Merrill is working to forge a settlement with Spitzer that may include a fine, increased disclosure of research and investment banking ties and the appointment of an independent board to monitor its 800 stock analysts.
Merrill Lynch spokesman William Halldin declined to comment for this article. Merrill Lynch is a passive, minority investor in Bloomberg LP, parent of Bloomberg News.
Suits Dismissed
As many as 40 percent of securities fraud suits are typically dismissed before trial, said securities law professor Joel Seligman of Washington University Law School in St. Louis. The suits against Merrill, which also name its star Internet analyst, Henry Blodget, have a better-than-average chance of success, given the e-mails and other evidence they are using from Spizter's investigation, he said.
``Cases that follow government evidence often do better,'' Seligman said.
Many investors' suits are dismissed because the allegations aren't detailed enough to satisfy the federal law under which they are brought, Seligman said. Most of those that survive are settled for less than the damages initially demanded, he said.
A suit against Morgan Stanley Dean Witter & Co. and its top Internet analyst Mary Meeker was thrown out last August for failing to state sufficient facts about her allegedly fraudulent analyst comments. It cited no company e-mails or documents, quoting instead media stories about her and other analysts.
Rules on Damages
Suits that survive dismissal face obstacles before damages may be collected. Only group suits known as class actions present a financial threat to Merrill because of the amount of damages a large number of shareholders may claim. To be certified as a class, shareholders must show they have common factual issues, such as uniform reliance on analyst comments.

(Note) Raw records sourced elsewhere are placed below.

(* Let $\eta>0$, $C>0$, $\alpha>0$, and let $a_p:\mathbb R\to\mathbb R$ be a function with $|a_p(y)|\ge c|y|$ for $|y|\le1$ and some $c>0$. Let $R(x,t;y)$ be a kernel satisfying, for all $x,y\in\mathbb R$, $t\ge0$, \[ |R(x,t;y)|\le Ce^{-\eta(|x-y|+t)}+Ce^{-\eta t}\chi(x,y)\Big[1+\frac{1}{|a_p(y)|}\Big(\frac xy\Big)^{\alpha}\Big], \] where $\chi(x,y)=1$ if $-1<y<x<0$ or $0<x<y<1$ and $\chi(x,y)=0$ otherwise. Then there exists $C'>0$ such that for all $1\le p\le\infty$, $t\ge0$, \[ \Big|\int_{-\infty}^{+\infty}R(\cdot,t;y)f(y)\,dy\Big|_{L^p}\le C'e^{-\eta t}\big(|f|_{L^p}+|f|_{L^\infty}\big). \] *)

theory Defs
  imports "HOL-Analysis.Analysis"
begin

definition chi :: "real \<Rightarrow> real \<Rightarrow> real" where
  "chi x y = (if (-1 < y \<and> y < x \<and> x < 0) \<or> (0 < x \<and> x < y \<and> y < 1) then 1 else 0)"

definition Linf_norm :: "(real \<Rightarrow> real) \<Rightarrow> ennreal" where
  "Linf_norm g = Inf {M. AE x in lborel. ennreal \<bar>g x\<bar> \<le> M}"

definition Lp_norm :: "ennreal \<Rightarrow> (real \<Rightarrow> real) \<Rightarrow> ennreal" where
  "Lp_norm p g =
     (if p = \<infinity> then Linf_norm g
      else (let r = enn2real p; I = (\<integral>\<^sup>+ x. ennreal (\<bar>g x\<bar> powr r) \<partial>lborel)
            in if I = \<infinity> then \<infinity> else ennreal ((enn2real I) powr (1 / r))))"

end

theory Submission
  imports Defs "HOL-Real_Asymp.Real_Asymp"
begin

text \<open>
  For fixed t the kernel bound
  splits |R(x,t;y)| into exp(-eta t) C times a translation-invariant part exp(-eta |x-y|) and a
  singular part supported where chi(x,y) = 1.  Given f with |f| <= m almost everywhere, this yields
  the pointwise estimate

    |Tf(x)| <= exp(-eta t) C (exp_conv f x + m B indicator(-1,1) x),     B = 1 + 1/(c alpha),

  where exp_conv f is the convolution of |f| with exp(-eta |.|).  The singular part is dominated by
  the explicit majorant sing_kernel, whose y-integral is at most B and vanishes for |x| >= 1; this
  uses |a_p(y)| >= c|y| and integrates y^(-1-alpha) exactly.  The convolution part is bounded in
  L^infinity by (2/eta) m and in L^r by (2/eta) |f|_r, the latter via Jensen's inequality for the
  kernel (derived from Young's inequality for products) and Tonelli.  Both summands of the pointwise
  estimate are then bounded in the given L^p norm, which gives the claim with
  C' = 4 (2/eta + 2 B) C.
\<close>

lemma Linf_norm_le:
  assumes "AE x in lborel. ennreal \<bar>g x\<bar> \<le> M"
  shows "Linf_norm g \<le> M"
  unfolding Linf_norm_def using assms by (intro Inf_lower) auto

Merrill may be able to argue that shareholder losses were caused by other market factors, said New York lawyer Frederic S. Fox, whose firm represents shareholders of At Home, Aether, and Internet Capital Group in suits against Merrill. In a class action, though, investors are presumed to have relied on the integrity of the market, a presumption Merrill would have to rebut, he said.
In contesting allegations of fraud, Merrill would be hampered if it has to admit any wrongdoing to settle Spitzer's case, said Herbert Milstein, a Washington, D.C. lawyer who represents Internet Capital Group shareholders.
The InfoSpace Litigation
Shareholders already suing InfoSpace Inc. before Spitzer revealed his findings added Merrill as a defendant, citing its subpoenaed e-mails in alleging fraudulent analysts' comments.
More suits involving other Internet companies touted by Merrill may follow, said New York lawyer Fred Isquith who represents another group of At Home shareholders. He is reviewing analyst statements about more than a dozen Internet companies whose stock offerings Merrill managed, he said. They include e-Bay Inc., eToys Inc. and Priceline.com Inc.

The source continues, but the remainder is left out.